耳すま日記

NPO法人耳をすませばのブログです

忘れなかった言葉

 

 私の小学生時代はテレビっ子でした。両親が夜の仕事でしたので、誰にも咎められずに一人で夜遅くまでテレビを見ていて、11PMという大人向けの番組を12時ころまで見ていたこともありました。アニメの番組はもちろん、提供会社のCMまで覚えていて、家族はあきれ返っています。自由気ままな生活を送っていたと改めて思います。

 

 夏休み、冬休みは昼もテレビ三昧で、奥様向けのワイドショーまで見ていました。今はほとんどテレビを見ないのは、子供時代に一生分見てしまったからではないかと思うくらいです。

 そんなワイドショーの中に人生相談のようなコーナーがあり、その冒頭に流れる言葉がありました。

なぜかその言葉をいままでずっと忘れず、いろいろな場面で頭をよぎっています。

 

 それは「幸福な家庭はみな一緒だが、不幸な家庭はみなそれぞれに不幸である」という言葉です。

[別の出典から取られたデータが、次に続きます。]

(* Let $V$ be an $n$-dimensional left vector space over a division ring $R$ ($4\le n<\infty$), and let $n,k,l,m$ satisfy $l\ge 4$, $1<k<n-1$, $1<m<l-1$ and $\min\{m,l-m\}\le\min\{k,n-k\}$. Let $\mathcal J$ be the image of an isometric embedding of the Johnson graph $J(l,m)$ in the Grassmann graph $\Gamma_k(V)$, and let $\Gamma(\mathcal J)$ be the restriction (induced subgraph) of $\Gamma_k(V)$ to $\mathcal J$. Then every maximal clique of $\Gamma(\mathcal J)$ is contained in precisely one maximal clique of $\Gamma_k(V)$.
   Context: $\mathcal G_k(V)$ is the set of $k$-dimensional subspaces of $V$. The Grassmann graph $\Gamma_k(V)$ has vertex set $\mathcal G_k(V)$, two vertices being adjacent if their intersection is $(k-1)$-dimensional. The Johnson graph $J(l,m)$ has as vertices the $m$-element subsets of an $l$-element set, two being adjacent if they meet in $m-1$ elements. An isometric embedding is an injective map of vertex sets preserving graph distance. *)

theory Defs
  imports Main
begin

text \<open>An n-dimensional left vector space over a division ring R is modelled (up to
  isomorphism) as the coordinate space R^n: functions nat => R vanishing outside {..<n},
  with left scalar multiplication c * v i.\<close>

definition coord_space :: "nat \<Rightarrow> (nat \<Rightarrow> 'a::division_ring) set" where
  "coord_space n = {v. \<forall>i\<ge>n. v i = 0}"

definition lspan :: "(nat \<Rightarrow> 'a::division_ring) set \<Rightarrow> (nat \<Rightarrow> 'a) set" where
  "lspan S = {(\<lambda>j. \<Sum>v\<in>F. c v * v j) | F c. finite F \<and> F \<subseteq> S}"

definition lindep_free :: "(nat \<Rightarrow> 'a::division_ring) set \<Rightarrow> bool" where
  "lindep_free S \<longleftrightarrow> (\<forall>F c. finite F \<and> F \<subseteq> S \<and> (\<forall>j. (\<Sum>v\<in>F. c v * v j) = 0)
      \<longrightarrow> (\<forall>v\<in>F. c v = 0))"

definition has_dim :: "(nat \<Rightarrow> 'a::division_ring) set \<Rightarrow> nat \<Rightarrow> bool" where
  "has_dim U d \<longleftrightarrow> (\<exists>B. finite B \<and> card B = d \<and> lindep_free B \<and> lspan B = U)"

definition grass :: "nat \<Rightarrow> nat \<Rightarrow> (nat \<Rightarrow> 'a::division_ring) set set" where
  "grass n k = {U. U \<subseteq> coord_space n \<and> has_dim U k}"

definition grass_adj :: "nat \<Rightarrow> (nat \<Rightarrow> 'a::division_ring) set \<Rightarrow> (nat \<Rightarrow> 'a) set \<Rightarrow> bool" where
  "grass_adj k X Y \<longleftrightarrow> has_dim (X \<inter> Y) (k - 1)"

definition johnson :: "nat \<Rightarrow> nat \<Rightarrow> nat set set" where
  "johnson l m = {A. A \<subseteq> {..<l} \<and> card A = m}"

definition johnson_adj :: "nat \<Rightarrow> nat set \<Rightarrow> nat set \<Rightarrow> bool" where
  "johnson_adj m A B \<longleftrightarrow> card (A \<inter> B) = m - 1"

text \<open>Graphs given by a vertex set and an adjacency relation.
  Graph distance: least length of a walk (all graphs used here are connected).\<close>
definition gdist :: "'v set \<Rightarrow> ('v \<Rightarrow> 'v \<Rightarrow> bool) \<Rightarrow> 'v \<Rightarrow> 'v \<Rightarrow> nat" where
  "gdist Vs adj x y = (LEAST d. \<exists>p::nat \<Rightarrow> 'v. p 0 = x \<and> p d = y \<and>
       (\<forall>i\<le>d. p i \<in> Vs) \<and> (\<forall>i<d. adj (p i) (p (Suc i))))"

definition isometric_embedding ::
  "'v set \<Rightarrow> ('v \<Rightarrow> 'v \<Rightarrow> bool) \<Rightarrow> 'w set \<Rightarrow> ('w \<Rightarrow> 'w \<Rightarrow> bool) \<Rightarrow> ('v \<Rightarrow> 'w) \<Rightarrow> bool" where
  "isometric_embedding V1 adj1 V2 adj2 f \<longleftrightarrow>
     inj_on f V1 \<and> f ` V1 \<subseteq> V2 \<and>
     (\<forall>x\<in>V1. \<forall>y\<in>V1. gdist V2 adj2 (f x) (f y) = gdist V1 adj1 x y)"

definition clique :: "'v set \<Rightarrow> ('v \<Rightarrow> 'v \<Rightarrow> bool) \<Rightarrow> 'v set \<Rightarrow> bool" where
  "clique Vs adj C \<longleftrightarrow> C \<subseteq> Vs \<and> (\<forall>x\<in>C. \<forall>y\<in>C. x \<noteq> y \<longrightarrow> adj x y)"

definition maximal_clique :: "'v set \<Rightarrow> ('v \<Rightarrow> 'v \<Rightarrow> bool) \<Rightarrow> 'v set \<Rightarrow> bool" where
  "maximal_clique Vs adj C \<longleftrightarrow> clique Vs adj C \<and> (\<forall>D. clique Vs adj D \<and> C \<subseteq> D \<longrightarrow> D = C)"

end

(*
  An isometric embedding of connected loopless graphs preserves and reflects adjacency, so the
  maximal clique C of \<Gamma>(J) is the image of a maximal clique of J(l,m). Such a clique contains
  three distinct vertices X1, X2, X3, and because 1 < m < l - 1 some vertex of J(l,m) is adjacent
  to X1 and X2 but not to X3. So C contains distinct P, Q, R, and \<Gamma>_k(V) contains Z adjacent to
  P and Q but not to R.

  Three pairwise adjacent k-subspaces P, Q, R satisfy P \<inter> Q \<subseteq> R or R \<subseteq> P + Q, and
  Z rules out that both hold. If R contains S = P \<inter> Q, every k-subspace equal or adjacent to
  each of P, Q, R contains S; if R lies in T = P + Q, every such subspace lies in T. Hence every
  clique containing C lies in the star of S, resp. the top of T, which is itself a clique and
  therefore the unique maximal clique containing C.
*)

theory Submission
  imports Defs
begin

section \<open>Linear algebra over a division ring\<close>

definition lin_comb :: "((nat \<Rightarrow> 'a::division_ring) \<Rightarrow> 'a) \<Rightarrow> (nat \<Rightarrow> 'a) set \<Rightarrow> nat \<Rightarrow> 'a" where
  "lin_comb c F = (\<lambda>j. \<Sum>v\<in>F. c v * v j)"

definition lsubspace :: "(nat \<Rightarrow> 'a::division_ring) set \<Rightarrow> bool" where
  "lsubspace U \<longleftrightarrow> (\<lambda>j. 0) \<in> U \<and> (\<forall>u\<in>U. \<forall>w\<in>U. (\<lambda>j. u j + w j) \<in> U)
     \<and> (\<forall>c. \<forall>u\<in>U. (\<lambda>j. c * u j) \<in> U)"

lemma lspan_conv_lin_comb: "lspan S = {lin_comb c F | F c. finite F \<and> F \<subseteq> S}"
  unfolding lspan_def lin_comb_def by simp

lemma lin_comb_in_lspan: "finite F \<Longrightarrow> F \<subseteq> S \<Longrightarrow> lin_comb c F \<in> lspan S"
  unfolding lspan_conv_lin_comb by blast

lemma lspanE:
  assumes "x \<in> lspan S"
  obtains F c where "finite F" "F \<subseteq> S" "lin_comb c F = x"
  using assms unfolding lspan_conv_lin_comb by blast

lemma lin_comb_insert:
  "finite F \<Longrightarrow> v \<notin> F \<Longrightarrow> lin_comb c (insert v F) = (\<lambda>j. c v * v j + lin_comb c F j)"
  by (simp add: lin_comb_def)

lemma lin_comb_scale: "(\<lambda>j. a * lin_comb c F j) = lin_comb (\<lambda>v. a * c v) F"
  by (simp add: lin_comb_def sum_distrib_left mult.assoc)

lemma lin_comb_add:
  assumes "finite F1" "finite F2"
  shows "(\<lambda>j. lin_comb c1 F1 j + lin_comb c2 F2 j)
    = lin_comb (\<lambda>v. (if v \<in> F1 then c1 v else 0) + (if v \<in> F2 then c2 v else 0)) (F1 \<union> F2)"
proof
  fix j
  have "lin_comb c1 F1 j = (\<Sum>v\<in>F1\<union>F2. if v \<in> F1 then c1 v * v j else 0)"
    using assms sum.inter_restrict[of "F1 \<union> F2" "\<lambda>v. c1 v * v j" F1]
    by (simp add: lin_comb_def Int_absorb1)
  moreover have "lin_comb c2 F2 j = (\<Sum>v\<in>F1\<union>F2. if v \<in> F2 then c2 v * v j else 0)"
    using assms sum.inter_restrict[of "F1 \<union> F2" "\<lambda>v. c2 v * v j" F2]
    by (simp add: lin_comb_def Int_absorb1)
  moreover have "lin_comb (\<lambda>v. (if v \<in> F1 then c1 v else 0) + (if v \<in> F2 then c2 v else 0)) (F1 \<union> F2) j
      = (\<Sum>v\<in>F1\<union>F2. if v \<in> F1 then c1 v * v j else 0) + (\<Sum>v\<in>F1\<union>F2. if v \<in> F2 then c2 v * v j else 0)"
    unfolding lin_comb_def sum.distrib[symmetric] by (rule sum.cong) (auto simp: distrib_right)
  ultimately show "lin_comb c1 F1 j + lin_comb c2 F2 j
      = lin_comb (\<lambda>v. (if v \<in> F1 then c1 v else 0) + (if v \<in> F2 then c2 v else 0)) (F1 \<union> F2) j"
    by simp
qed

lemma lin_comb_in_lsubspace:
  assumes "lsubspace U" "finite F" "F \<subseteq> U"
  shows "lin_comb c F \<in> U"
  using assms(2,3)
proof (induction F rule: finite_induct)
  case empty
  then show ?case using assms(1) by (simp add: lsubspace_def lin_comb_def)
next
  case (insert x F)
  then have "lin_comb c F \<in> U" "(\<lambda>j. c x * x j) \<in> U" using assms(1) by (auto simp: lsubspace_def)
  then show ?case using insert assms(1) by (simp add: lin_comb_insert lsubspace_def)
qed

lemma lsubspace_lspan: "lsubspace (lspan S)"
  unfolding lsubspace_def
proof (intro conjI ballI allI)
  show "(\<lambda>j. 0) \<in> lspan S"
    using lin_comb_in_lspan[of "{}" S] by (simp add: lin_comb_def)
next
  fix u w assume "u \<in> lspan S" "w \<in> lspan S"
  then obtain F1 c1 F2 c2 where "finite F1" "F1 \<subseteq> S" "u = lin_comb c1 F1"
      "finite F2" "F2 \<subseteq> S" "w = lin_comb c2 F2"
    by (metis lspanE)
  then show "(\<lambda>j. u j + w j) \<in> lspan S" by (simp add: lin_comb_add lin_comb_in_lspan)
next
  fix a u assume "u \<in> lspan S"
  then obtain F c where "finite F" "F \<subseteq> S" "u = lin_comb c F" by (metis lspanE)
  then show "(\<lambda>j. a * u j) \<in> lspan S" by (simp add: lin_comb_scale lin_comb_in_lspan)
qed

lemma lspan_minimal: "lsubspace U \<Longrightarrow> S \<subseteq> U \<Longrightarrow> lspan S \<subseteq> U"
  by (metis lin_comb_in_lsubspace lspanE order_trans subsetI)

lemma lspan_superset: "S \<subseteq> lspan S"
proof
  fix v assume "v \<in> S"
  then have "lin_comb (\<lambda>_. 1) {v} \<in> lspan S" by (intro lin_comb_in_lspan) auto
  then show "v \<in> lspan S" by (simp add: lin_comb_def)
qed

lemma lspan_mono: "S \<subseteq> T \<Longrightarrow> lspan S \<subseteq> lspan T"
  by (metis lspanE lin_comb_in_lspan order_trans subsetI)

lemma lspan_subset_lspan_iff: "lspan S \<subseteq> lspan T \<longleftrightarrow> S \<subseteq> lspan T"
  using lspan_superset lspan_minimal[OF lsubspace_lspan] by blast

lemma lsubspace_Int: "lsubspace U \<Longrightarrow> lsubspace W \<Longrightarrow> lsubspace (U \<inter> W)"
  unfolding lsubspace_def by blast

lemma lindep_free_subset: "lindep_free A \<Longrightarrow> B \<subseteq> A \<Longrightarrow> lindep_free B"
  unfolding lindep_free_def by blast

lemma lindep_free_lin_comb_eq_0:
  "lindep_free A \<Longrightarrow> finite F \<Longrightarrow> F \<subseteq> A \<Longrightarrow> lin_comb c F = (\<lambda>j. 0) \<Longrightarrow> v \<in> F \<Longrightarrow> c v = 0"
  unfolding lindep_free_def lin_comb_def by metis

lemma lindep_free_not_in_lspan:
  assumes "lindep_free A" "a \<in> A"
  shows "a \<notin> lspan (A - {a})"
proof
  assume "a \<in> lspan (A - {a})"
  then obtain F c where F: "finite F" "F \<subseteq> A - {a}" "lin_comb c F = a" by (rule lspanE)
  define c' where "c' = c(a := -1)"
  have "a \<notin> F" using F(2) by blast
  then have "lin_comb c' F = lin_comb c F"
    unfolding lin_comb_def c'_def by (intro ext sum.cong) auto
  then have "lin_comb c' (insert a F) = (\<lambda>j. 0)"
    using F \<open>a \<notin> F\<close> by (simp add: lin_comb_insert c'_def)
  then have "c' a = 0"
    using F assms by (intro lindep_free_lin_comb_eq_0[OF assms(1), of "insert a F"]) auto
  then show False by (simp add: c'_def)
qed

この言葉の出典を知ったのは高校生になったときです。高校1年生の夏休みに読書感想文を書くことになり、何か大作を選んでやろうと意気込んで、ロシアのドストエフスキートルストイの本を選ぶことにしました。選ぶ過程で、トルストイの「アンナ・カレニーナ」を開いた真っ先に書いてあった言葉が「幸福な家庭はみな一緒だが、不幸な家庭はみなそれぞれに不幸である」でした。表現はもう少し難しく書いてありましたが、ああこれだと思いました。

 

 60年以上生きてきて、確かに幸福だと感じる状態は似たようなもので、不幸だと感じる状態はそれぞれ異なっていたと実感しています。NPO活動等でさまざまな人や情報に接していると、この言葉は多くの人にとって真実なのだと思っています。最近発生している事件をみても、みなそれぞれに葛藤を抱えて苦しみながら必死に生きようとし、あるものはそれに押しつぶされてしまう姿が見えてきます。

 

 これから人口減少、高齢化が一段と進んでいくと、これまで体験したことないような状況がさまざまな場面で現われてくるでしょう。「長寿」という言葉がありますが、100年生きて本当に「長寿」と思える人がどれだけいるか不安に思う時もあります。

 

 NPO法人耳をすませば」では、高齢者介護予防事業としてiPadを利用した事業を開始しました。

少しでも高齢者の方々が元気に暮らしていけるようにサポートしていかねばと思っています。

100年生きてよかったと本人やまわりが思えるような社会づくりに少しでも貢献できるよう活動を推進していきます。